Rebecca Muder says she hopes to be “a bringer of healing and wholeness to individuals and communities” in Brazil, where she would like to do pastoral work in prisons and eventually become a restorative justice facilitator and educator. (Restorative justice is a process that seeks to repair relationships by bringing victims of crimes face-to-face with their assailants so both sides can hear and share their feelings.)
Muder, a native of Kansas City, Kansas, holds a master’s degree in theological studies from the University of Dayton. She has experience in campus and prison ministries and most recently coordinated a young adult volunteer program for the Archdiocese of Chicago. She says she is attracted to MKLM by “the way it enters into other cultures—with sensitivity and sustainability in mind.”
Timothy Ross, from Lake Orion, Mich., looks forward to sharing his agricultural background and, most importantly, his faith with the people of El Salvador. Ross, who earned his degree in agriculture from the University of Missouri, got a glimpse of El Salvador when he visited there as a representative of the Newman Center’s Catholic Student Association, seeking to establish a sister relationship with a Salvadoran parish. During his visit, he learned about MKLM.
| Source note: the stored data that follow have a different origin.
lemma dE_bounds:
  fixes a b u v :: int and n :: real
  assumes n: "real_of_int (2 + 2 * (\<bar>a\<bar> + \<bar>b\<bar>)) \<le> n" and v: "1 \<le> v" and u: "n * of_int v + 1 \<le> of_int u"
  shows "of_int v * of_int u ^ 3 \<le> 2 * real_of_int (dE a b u v)"
    and "2 * real_of_int (dE a b u v) \<le> 3 * of_int v * of_int u ^ 3"
proof -
  define t :: real where "t = of_int a * of_int u * of_int v ^ 2 - of_int b * of_int v ^ 3"
  have "2 * \<bar>t\<bar> \<le> of_int u ^ 3"
    using abs_lower_terms_le[of "of_int a" "of_int b" n "of_int v" "of_int u"] n v u unfolding t_def by simp
  then have "of_int v * of_int u ^ 3 \<le> of_int v * (2 * of_int u ^ 3 + 2 * t)"
    and "of_int v * (2 * of_int u ^ 3 + 2 * t) \<le> of_int v * (3 * of_int u ^ 3)"
    using v by (intro mult_left_mono; simp add: abs_le_iff)+
  moreover have "2 * real_of_int (dE a b u v) = of_int v * (2 * of_int u ^ 3 + 2 * t)"
    unfolding t_def by (simp add: dE_def algebra_simps)
  ultimately show "of_int v * of_int u ^ 3 \<le> 2 * real_of_int (dE a b u v)"
    and "2 * real_of_int (dE a b u v) \<le> 3 * of_int v * of_int u ^ 3" by simp_all
qed

lemma map_suitable_large:
  fixes a b u v :: int and n :: real
  assumes n: "real_of_int (2 + 2 * (\<bar>a\<bar> + \<bar>b\<bar>)) \<le> n" and v: "1 \<le> v" and u: "n * of_int v + 1 \<le> of_int u"
  shows "map_suitable a b u v"
proof -
  have an: "\<bar>real_of_int a\<bar> \<le> n * n"
  proof -
    have "\<bar>real_of_int a\<bar> + 1 \<le> n" using n abs_ge_zero[of "real_of_int b"] by simp
    moreover have "1 * n \<le> n * n" using calculation by (intro mult_right_mono) auto
    ultimately show ?thesis by linarith
  qed
  have "1 * of_int v \<le> n * real_of_int v" using n v by (intro mult_right_mono) auto
  then have nv: "0 \<le> n * of_int v" "n * of_int v < of_int u" and "0 < u" using v u by linarith+
  have "\<bar>of_int a\<bar> * of_int v ^ 2 \<le> (n * n) * real_of_int v ^ 2"
    using an by (rule mult_right_mono) simp
  also have "\<dots> = (n * of_int v) ^ 2" by (simp add: power_mult_distrib power2_eq_square)
  also have "\<dots> < of_int u ^ 2" using nv by (simp add: power_strict_mono)
  finally have "0 < 3 * real_of_int u ^ 2 + of_int a * of_int v ^ 2"
    using mult_right_mono[OF abs_ge_minus_self[of "real_of_int a"] zero_le_power2[of "real_of_int v"]]
      zero_le_power2[of "real_of_int u"] by linarith
  then have "real_of_int (3 * u ^ 2 + a * v ^ 2) > 0" by simp
  then have "3 * u ^ 2 + a * v ^ 2 > 0" by (simp only: of_int_0_less_iff)
  moreover have "real_of_int (DE a b u v) > 0"
  proof -
    have "0 < real_of_int v * of_int u ^ 3" using v \<open>0 < u\<close> by simp
    then show ?thesis using dE_bounds(1)[OF n v u] unfolding DE_def by simp
  qed
  then have "DE a b u v > 0" by (simp only: of_int_0_less_iff)
  ultimately show ?thesis using v \<open>0 < u\<close> unfolding map_suitable_def by simp
qed

lemma kernel_suitable_large:
  fixes a b u v :: int and n M :: real
  assumes n: "real_of_int (2 + 2 * (\<bar>a\<bar> + \<bar>b\<bar>)) \<le> n" and v: "2 \<le> v" and u: "n * of_int v + 1 \<le> of_int u"
    and tors: "\<And>A B. torsion a b (Pt A B) \<Longrightarrow> real_of_rat A \<le> M" and "M < n"
  shows "kernel_suitable a b u v"
proof -
  define U V where "U = real_of_int u" and "V = real_of_int v"
  have V: "2 \<le> V" using v unfolding V_def by simp
  have n2: "2 \<le> n" using n abs_ge_zero[of "real_of_int a"] abs_ge_zero[of "real_of_int b"] by simp
  have "2 * V \<le> n * V" "n * 1 \<le> n * V" using n2 V by (intro mult_right_mono mult_left_mono; simp)+
  then have U: "2 * V + 1 \<le> U" "n \<le> U" using u unfolding U_def V_def by linarith+
  have "(2 * V + 1) * (2 * V + 1) \<le> U * U" using U V by (intro mult_mono) auto
  moreover have "(2 * V + 1) * 2 \<le> (2 * V + 1) * (2 * V + 1)" using V by (intro mult_left_mono) auto
  ultimately have "V * U * (2 * V + 2) \<le> V * U * (U * U)" using U V by (intro mult_left_mono) auto
  then have "U * V ^ 2 + U * V \<le> V * U ^ 3 / 2" by (simp add: algebra_simps power2_eq_square power3_eq_cube)
  also have "\<dots> \<le> real_of_int (dE a b u v)" using dE_bounds(1)[OF n _ u] v unfolding U_def V_def by simp
  finally have "U \<le> real_of_int (dE a b u v - u * v) / real_of_int (v ^ 2)"
    using V unfolding U_def V_def by (simp add: field_simps power2_eq_square)
  then have "real_of_rat A < real_of_int (dE a b u v - u * v) / real_of_int (v ^ 2)"
    if "torsion a b (Pt A B)" for A B using tors[OF that] \<open>M < n\<close> U by linarith
  then show ?thesis using v unfolding kernel_suitable_def by simp
qed

lemma bound_suitable_large:
  fixes a b u v :: int and n \<epsilon> :: real
  assumes \<epsilon>: "0 < \<epsilon>" "\<epsilon> < 1/2"
    and n: "real_of_int (2 + 2 * (\<bar>a\<bar> + \<bar>b\<bar>)) \<le> n" and v: "1 \<le> v" and u: "n * of_int v + 1 \<le> of_int u"
    and nK: "(2 * exp (2 * (1 + \<epsilon> / (1 - \<epsilon>)) * (deltaE a b + dP a b Ps)) + 1)
               powr (1 / (4 - 2 * (1 + \<epsilon> / (1 - \<epsilon>)))) < n"
    and uv: "2 * real_of_int u powr (1 - \<epsilon>) \<le> of_int v"
  shows "bound_suitable a b Ps \<epsilon> u v"
proof -
  define \<alpha> where "\<alpha> = 1 + \<epsilon> / (1 - \<epsilon>)"
  define K where "K = exp (2 * \<alpha> * (deltaE a b + dP a b Ps))"
  define U V where "U = real_of_int u" and "V = real_of_int v"
  define G where "G = real_of_int (dE a b u v) / V"
  have \<alpha>: "(1 - \<epsilon>) * \<alpha> = 1" "1 < \<alpha>" "\<alpha> < 2" unfolding \<alpha>_def using \<epsilon> by (simp_all add: field_simps)
  have V: "1 \<le> V" using v unfolding V_def by simp
  have n2: "2 \<le> n" using n abs_ge_zero[of "real_of_int a"] abs_ge_zero[of "real_of_int b"] by simp
  have "n * 1 \<le> n * V" "1 * V \<le> n * V" using n2 V by (intro mult_left_mono mult_right_mono; simp)+
  then have U: "n \<le> U" "V \<le> U" "1 \<le> U" using u n2 V unfolding U_def V_def by linarith+
  have VG: "V * G = real_of_int (dE a b u v)" unfolding G_def using V by simp
  have "V * U ^ 3 \<le> V * (2 * G)" "V * (2 * G) \<le> V * (3 * U ^ 3)"
    using dE_bounds[OF n v u] VG unfolding U_def V_def by (simp_all add: algebra_simps)
  then have G: "U ^ 3 \<le> 2 * G" "G \<le> 2 * U ^ 3" using V U by (simp_all add: mult_le_cancel_left_pos)
  have "2 * K + 1 = ((2 * K + 1) powr (1 / (4 - 2 * \<alpha>))) powr (4 - 2 * \<alpha>)"
    using \<alpha> unfolding K_def by (simp add: powr_powr add_pos_pos)
  also have "\<dots> < U powr (4 - 2 * \<alpha>)"
    using nK U \<alpha> unfolding K_def \<alpha>_def by (intro powr_less_mono2) auto
  finally have UK: "2 * K < U powr (4 - 2 * \<alpha>)" by simp
  have "(1/4 * (U * V + V ^ 2)) powr \<alpha> * K < V * G"
    using lower_powr_bound[OF \<alpha>(2,3) _ _ U(2) UK G(1)] V unfolding K_def by simp
  moreover have "V * G < (V ^ 2 * (U * V + V ^ 2)) powr \<alpha>"
    using upper_powr_bound[OF \<alpha>(1) _ _ U(3) _ G(2)] \<alpha> \<epsilon> uv unfolding U_def V_def by simp
  ultimately have "(1/4 * (U * V + V ^ 2)) powr \<alpha> * K < real_of_int (dE a b u v)"
    "real_of_int (dE a b u v) < (V ^ 2 * (U * V + V ^ 2)) powr \<alpha>" unfolding VG by simp_all
  then show ?thesis using U V unfolding bound_suitable_def Let_def U_def V_def \<alpha>_def K_def
    by (simp add: mult.commute)
qed

lemma suitable_large:
  fixes n :: nat and u v :: int and \<epsilon> M :: real
  assumes \<epsilon>: "0 < \<epsilon>" "\<epsilon> < 1/2" and n: "real_of_int (2 + 2 * (\<bar>a\<bar> + \<bar>b\<bar>)) \<le> real n"
    and tors: "\<And>A B. torsion a b (Pt A B) \<Longrightarrow> real_of_rat A \<le> M" and "M < real n"
    and nK: "(2 * exp (2 * (1 + \<epsilon> / (1 - \<epsilon>)) * (deltaE a b + dP a b Ps)) + 1)
               powr (1 / (4 - 2 * (1 + \<epsilon> / (1 - \<epsilon>)))) < real n"
    and v: "2 \<le> v" and u: "int n * v + 1 \<le> u" and uv: "2 * real_of_int u powr (1 - \<epsilon>) \<le> of_int v"
  shows "suitable a b Ps \<epsilon> u v"
proof -
  have u': "real n * of_int v + 1 \<le> of_int u" using of_int_le_iff[THEN iffD2, OF u] by simp
  show ?thesis
    using map_suitable_large[OF n _ u'] kernel_suitable_large[OF n v u' tors \<open>M < real n\<close>]
      bound_suitable_large[OF \<epsilon> n _ u' nK uv] v
    unfolding suitable_def by simp
qed

section \<open>Counting unsuitable pairs\<close>

lemma card_int_box_le:
  fixes Y L :: real
  assumes "0 \<le> Y" "0 \<le> L"
  shows "finite {(x :: int, y :: int). 0 < x \<and> of_int x < Y \<and> 0 < y \<and> of_int y \<le> L}"
    and "real (card {(x :: int, y :: int). 0 < x \<and> of_int x < Y \<and> 0 < y \<and> of_int y \<le> L}) \<le> Y * L"
proof -
  let ?S = "{(x :: int, y :: int). 0 < x \<and> of_int x < Y \<and> 0 < y \<and> of_int y \<le> L}"
  let ?B = "{1..\<lfloor>Y\<rfloor>} \<times> {1..\<lfloor>L\<rfloor>}"
  have sub: "?S \<subseteq> ?B"
  proof
    fix p assume "p \<in> ?S"
    then obtain x y where "p = (x, y)" "0 < x" "of_int x < Y" "0 < y" "of_int y \<le> L" by blast
    then show "p \<in> ?B" using le_floor_iff[of x Y] le_floor_iff[of y L] by simp
  qed
  then show "finite ?S" by (rule finite_subset) simp
  have "card ?S \<le> nat \<lfloor>Y\<rfloor> * nat \<lfloor>L\<rfloor>"
    using card_mono[OF _ sub] by (simp add: card_cartesian_product)
  then have "real (card ?S) \<le> real (nat \<lfloor>Y\<rfloor>) * real (nat \<lfloor>L\<rfloor>)"
    by (simp only: of_nat_le_iff of_nat_mult[symmetric])
  also have "\<dots> \<le> Y * L" using assms by (intro mult_mono) (auto simp: of_nat_nat)
  finally show "real (card ?S) \<le> Y * L" .
qed

lemma powr_linear_form_le:
  fixes x y Y \<epsilon> n :: real
  assumes "0 \<le> \<epsilon>" "\<epsilon> \<le> 1" "0 < x" "x < Y" "0 < y" "y < Y" "0 \<le> n"
  shows "(x + n * y) powr (1 - \<epsilon>) \<le> (1 + n) * Y powr (1 - \<epsilon>)"
proof -
  have "x + n * y \<le> (1 + n) * Y" using assms by (simp add: distrib_right mult_left_mono add_mono less_imp_le)
  then have "(x + n * y) powr (1 - \<epsilon>) \<le> ((1 + n) * Y) powr (1 - \<epsilon>)"
    using assms by (intro powr_mono2) (auto intro: add_pos_nonneg)
  also have "\<dots> = (1 + n) powr (1 - \<epsilon>) * Y powr (1 - \<epsilon>)" using assms by (simp add: powr_mult)
  also have "\<dots> \<le> (1 + n) * Y powr (1 - \<epsilon>)"
    using powr_mono[of "1 - \<epsilon>" 1 "1 + n"] assms by (intro mult_right_mono) auto
  finally show ?thesis .
qed
lemma subword_eq_iff_prefix_ones:
  "subword x k n = subword x k' n \<longleftrightarrow>
     (\<forall>i\<le>n. prefix_ones x (k + i) - prefix_ones x k = prefix_ones x (k' + i) - prefix_ones x k')"
proof
  assume "subword x k n = subword x k' n"
  then have same: "\<forall>i<n. x (k + i) = x (k' + i)"
    by (simp add: subword_eq_iff)
  show "\<forall>i\<le>n. prefix_ones x (k + i) - prefix_ones x k = prefix_ones x (k' + i) - prefix_ones x k'"
  proof (intro allI impI)
    fix i assume "i \<le> n"
    then show "prefix_ones x (k + i) - prefix_ones x k = prefix_ones x (k' + i) - prefix_ones x k'"
      by (induction i) (use same in \<open>auto simp: prefix_ones_Suc\<close>)
  qed
next
  assume same: "\<forall>i\<le>n. prefix_ones x (k + i) - prefix_ones x k = prefix_ones x (k' + i) - prefix_ones x k'"
  have "x (k + i) = x (k' + i)" if "i < n" for i
    using same[rule_format, of i] same[rule_format, of "Suc i"] that
    by (auto simp: prefix_ones_Suc split: if_splits)
  then show "subword x k n = subword x k' n"
    by (simp add: subword_eq_iff)
qed

lemma card_ones_upto:
  fixes x :: "nat \<Rightarrow> bool"
  shows "card {j. 1 \<le> j \<and> j \<le> n \<and> x (j - 1)} = card {i. i < n \<and> x i}"
proof -
  have "{j. 1 \<le> j \<and> j \<le> n \<and> x (j - 1)} = Suc ` {i. i < n \<and> x i}"
  proof (rule set_eqI, rule iffI)
    fix j assume "j \<in> {j. 1 \<le> j \<and> j \<le> n \<and> x (j - 1)}"
    then show "j \<in> Suc ` {i. i < n \<and> x i}"
      by (intro image_eqI[of _ _ "j - 1"]) auto
  qed auto
  then show ?thesis
    by (simp add: card_image)
qed
(* In the setting described in the context, let $\mathbf W^\diamond=[\mathbf W_c^\diamond,\mathbf W_s^\diamond]$ be a stationary point of the problem $\max\{f(\mathbf W):\mathrm{tr}(\mathbf W\mathbf W^H)\le P_t\}$ with associated Lagrange multiplier $\mu^\diamond\in\mathbb R$, i.e., $\nabla_{\mathbf W}\mathcal L(\mathbf W^\diamond,\mu^\diamond)=\mathbf 0$ where $\mathcal L(\mathbf W,\mu)=f(\mathbf W)-\mu(\mathrm{tr}(\mathbf W\mathbf W^H)-P_t)$, and let $\bm\Sigma_1^\diamond,\bm\Sigma_2^\diamond,\mathbf Q^\diamond$ be the quantities of the context evaluated at $\mathbf W^\diamond$. Then $$\Big(\tfrac12\delta_s(\mathbf Q^\diamond+\mathbf Q^{\diamond H})-\delta_c\mathbf H\bm\Sigma_2^\diamond\mathbf H^H\Big)\mathbf W_s^\diamond=\mu^\diamond\mathbf W_s^\diamond,$$ and, provided the matrix $\mu^\diamond\mathbf I+\delta_c\mathbf H\bm\Sigma_2^\diamond\mathbf H^H-\frac12\delta_s(\mathbf Q^\diamond+\mathbf Q^{\diamond H})$ is invertible, $$\mathbf W_c^\diamond=\Big(\mu^\diamond\mathbf I+\delta_c\mathbf H\bm\Sigma_2^\diamond\mathbf H^H-\tfrac12\delta_s(\mathbf Q^\diamond+\mathbf Q^{\diamond H})\Big)^{-1}\delta_c\mathbf H\bm\Sigma_1^{\diamond H}.$$
   Context: Positive integers $N_t,N_r,K,M,L$, nonnegative integer $N_s$; channels $\mathbf h_k\in\mathbb C^{N_t}$, $\mathbf H=[\mathbf h_1,\dots,\mathbf h_K]$, noise variances $\sigma_{ck}^2>0$; $\sigma_s^2>0$; weights $\delta_c,\delta_s\ge0$; $P_t>0$. $\mathbf W=[\mathbf W_c,\mathbf W_s]\in\mathbb C^{N_t\times(K+N_s)}$, $\mathbf W_c=[\mathbf w_{c1},\dots,\mathbf w_{cK}]$, $\mathbf R_x=\mathbf W\mathbf W^H$. Rate $R_k(\mathbf W)=\log(1+|\mathbf h_k^H\mathbf w_{ck}|^2/I_k)$, $I_k=\sum_{j\ne k}|\mathbf h_k^H\mathbf w_{cj}|^2+\|\mathbf h_k^H\mathbf W_s\|_F^2+\sigma_{ck}^2$. Sensing model: differentiable $\mathbf a:\mathbb R^2\to\mathbb C^{N_t}$, $\mathbf b:\mathbb R^2\to\mathbb C^{N_r}$; parameters $\theta_m,\phi_m\in\mathbb R,\alpha_m\in\mathbb C$; $\mathbf A=[\mathbf a(\theta_m,\phi_m)]_m$, $\mathbf B=[\mathbf b(\theta_m,\phi_m)]_m$, $\mathbf U=\mathrm{diag}(\alpha_m)$; $\dot{\mathbf A}_\theta,\dot{\mathbf A}_\phi,\dot{\mathbf B}_\theta,\dot{\mathbf B}_\phi$ have $m$-th columns the partial derivatives of $\mathbf a$ resp. $\mathbf b$ w.r.t. first resp. second argument at $(\theta_m,\phi_m)$. $\mathbf F(\mathbf W)=\frac{2L}{\sigma_s^2}\begin{bmatrix}\Re\mathbf F_{11}&\Re\mathbf F_{12}&\Re\mathbf F_{13}&-\Im\mathbf F_{13}\\ \Re\mathbf F_{12}^{\mathsf T}&\Re\mathbf F_{22}&\Re\mathbf F_{23}&-\Im\mathbf F_{23}\\ \Re\mathbf F_{13}^{\mathsf T}&\Re\mathbf F_{23}^{\mathsf T}&\Re\mathbf F_{33}&-\Im\mathbf F_{33}\\ -\Im\mathbf F_{13}^{\mathsf T}&-\Im\mathbf F_{23}^{\mathsf T}&-\Im\mathbf F_{33}^{\mathsf T}&\Re\mathbf F_{33}\end{bmatrix}$ with $\mathbf F_{11}=(\mathbf U\mathbf A^H\mathbf R_x\mathbf A\mathbf U^H)^{\mathsf T}\odot(\dot{\mathbf B}_\theta^H\dot{\mathbf B}_\theta)+(\mathbf U\mathbf A^H\mathbf R_x\dot{\mathbf A}_\theta\mathbf U^H)^{\mathsf T}\odot(\mathbf B^H\dot{\mathbf B}_\theta)+(\mathbf U\dot{\mathbf A}_\theta^H\mathbf R_x\mathbf A\mathbf U^H)^{\mathsf T}\odot(\dot{\mathbf B}_\theta^H\mathbf B)+(\mathbf U\dot{\mathbf A}_\theta^H\mathbf R_x\dot{\mathbf A}_\theta\mathbf U^H)^{\mathsf T}\odot(\mathbf B^H\mathbf B)$; $\mathbf F_{12}=(\mathbf U\mathbf A^H\mathbf R_x\mathbf A\mathbf U^H)^{\mathsf T}\odot(\dot{\mathbf B}_\theta^H\dot{\mathbf B}_\phi)+(\mathbf U\mathbf A^H\mathbf R_x\dot{\mathbf A}_\theta\mathbf U^H)^{\mathsf T}\odot(\mathbf B^H\dot{\mathbf B}_\phi)+(\mathbf U\dot{\mathbf A}_\phi^H\mathbf R_x\mathbf A\mathbf U^H)^{\mathsf T}\odot(\dot{\mathbf B}_\theta^H\mathbf B)+(\mathbf U\dot{\mathbf A}_\phi^H\mathbf R_x\dot{\mathbf A}_\theta\mathbf U^H)^{\mathsf T}\odot(\mathbf B^H\mathbf B)$; $\mathbf F_{22}$ = $\mathbf F_{11}$ with $\theta\to\phi$; $\mathbf F_{13}=(\mathbf A^H\mathbf R_x\mathbf A\mathbf U^H)^{\mathsf T}\odot(\dot{\mathbf B}_\theta^H\mathbf B)+(\mathbf A^H\mathbf R_x\dot{\mathbf A}_\theta\mathbf U^H)^{\mathsf T}\odot(\mathbf B^H\mathbf B)$; $\mathbf F_{23}$ = $\mathbf F_{13}$ with $\theta\to\phi$; $\mathbf F_{33}=(\mathbf A^H\mathbf R_x\mathbf A)^{\mathsf T}\odot(\mathbf B^H\mathbf B)$. $f(\mathbf W)=\delta_c\sum_kR_k(\mathbf W)-\delta_s\mathrm{tr}(\mathbf F(\mathbf W)^{-1})$ ($\mathbf F$ assumed invertible at the points considered). Gradient convention: $\nabla g=\partial g/\partial\Re\mathbf W+\mathrm j\,\partial g/\partial\Im\mathbf W$. Quantities at $\mathbf W$: $T_k=I_k+|\mathbf h_k^H\mathbf w_{ck}|^2$, $\xi_k=|\mathbf h_k^H\mathbf w_{ck}|^2/I_k$, $\eta_k=\overline{\mathbf h_k^H\mathbf w_{ck}}/I_k$, $\beta_k=\xi_k/T_k$, $\bm\Sigma_1=\mathrm{diag}(\eta_k)$, $\bm\Sigma_2=\mathrm{diag}(\beta_k)$; $\bm\Phi=\mathbf F(\mathbf W)^{-2}$ with $M\times M$ blocks $\bm\Phi_{pq}$; $\mathbf Q_{11}=\mathbf A\mathbf U^H(\bm\Phi_{11}\odot\dot{\mathbf B}_\theta^H\dot{\mathbf B}_\theta)\mathbf U\mathbf A^H+\dot{\mathbf A}_\theta\mathbf U^H(\bm\Phi_{11}\odot\mathbf B^H\dot{\mathbf B}_\theta)\mathbf U\mathbf A^H+\mathbf A\mathbf U^H(\bm\Phi_{11}\odot\dot{\mathbf B}_\theta^H\mathbf B)\mathbf U\dot{\mathbf A}_\theta^H+\dot{\mathbf A}_\theta\mathbf U^H(\bm\Phi_{11}\odot\mathbf B^H\mathbf B)\mathbf U\dot{\mathbf A}_\theta^H$; $\mathbf Q_{12}=2[\mathbf A\mathbf U^H(\bm\Phi_{12}\odot\dot{\mathbf B}_\theta^H\dot{\mathbf B}_\phi)\mathbf U\mathbf A^H+\dot{\mathbf A}_\theta\mathbf U^H(\bm\Phi_{12}\odot\mathbf B^H\dot{\mathbf B}_\phi)\mathbf U\mathbf A^H+\mathbf A\mathbf U^H(\bm\Phi_{12}\odot\dot{\mathbf B}_\theta^H\mathbf B)\mathbf U\dot{\mathbf A}_\phi^H+\dot{\mathbf A}_\theta\mathbf U^H(\bm\Phi_{12}\odot\mathbf B^H\mathbf B)\mathbf U\dot{\mathbf A}_\phi^H]$; $\mathbf Q_{22}$ = $\mathbf Q_{11}$ with $\bm\Phi_{11}\to\bm\Phi_{22}$, $\theta\to\phi$; $\mathbf Q_{13}=\mathbf A\mathbf U^H((2\bm\Phi_{13}+2\mathrm j\bm\Phi_{14})\odot\dot{\mathbf B}_\theta^H\mathbf B)\mathbf A^H+\dot{\mathbf A}_\theta\mathbf U^H((2\bm\Phi_{13}+2\mathrm j\bm\Phi_{14})\odot\mathbf B^H\mathbf B)\mathbf A^H$; $\mathbf Q_{23}$ = $\mathbf Q_{13}$ with $\bm\Phi_{13},\bm\Phi_{14}\to\bm\Phi_{23},\bm\Phi_{24}$, $\theta\to\phi$; $\mathbf Q_{33}=\mathbf A((\bm\Phi_{33}+\bm\Phi_{44}+2\mathrm j\bm\Phi_{34})\odot\mathbf B^H\mathbf B)\mathbf A^H$; $\mathbf Q=\frac{2L}{\sigma_s^2}(\mathbf Q_{11}+\mathbf Q_{12}+\mathbf Q_{13}+\mathbf Q_{22}+\mathbf Q_{23}+\mathbf Q_{33})$; $\mathrm j$ imaginary unit. *)

theory Defs
  imports "HOL-Analysis.Analysis"
    "Jordan_Normal_Form.Gauss_Jordan_Elimination"
    "Jordan_Normal_Form.Schur_Decomposition"
begin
“Their methodology for integrating missioners into their host community is very thorough and realistic,” he says, explaining that besides providing an orientation program and language training, MKLM sends new missioners into established communities of missioners and allows time for the neophytes to visit mission sites and discern which is the best fit for them.
Anne Berry and her husband George Stablein from Clenenin, W.V., have discerned that Tanzania is the best mission for them and their daughters Susanna, 6, and Louisa, 2. The couple, both doctors, met as students at Pennsylvania State University College of Medicine.
Berry, who had worked in Nicaragua with the Jesuit Volunteer Corps after college, was inspired by the Maryknoll sisters and Maryknoll lay missioners serving there. “I was attracted to their commitment to social justice, not just ‘helping,’ but working alongside people in marginalized communities to transform unjust structures and build God’s Kingdom for all,” says Berry.
Her husband caught her mission bug. Both will work in Bugando Medical Center in the city of Mwanza, Berry sharing her expertise in maternal care and Stablein his skills as a pediatrician. They look forward to what their daughters will discover.
“It is very important for our children to learn social justice at an age much younger than I did,” says Stablein. “I want them to know that just because something is the way it is, it doesn’t mean it should be that way. I pray they will be able to work for fair and just structures for all.”
Featured image: Anne Berry and George Stablein are taking daughters Louisa, 2, and Susanna, 6, to mission in Tanzania.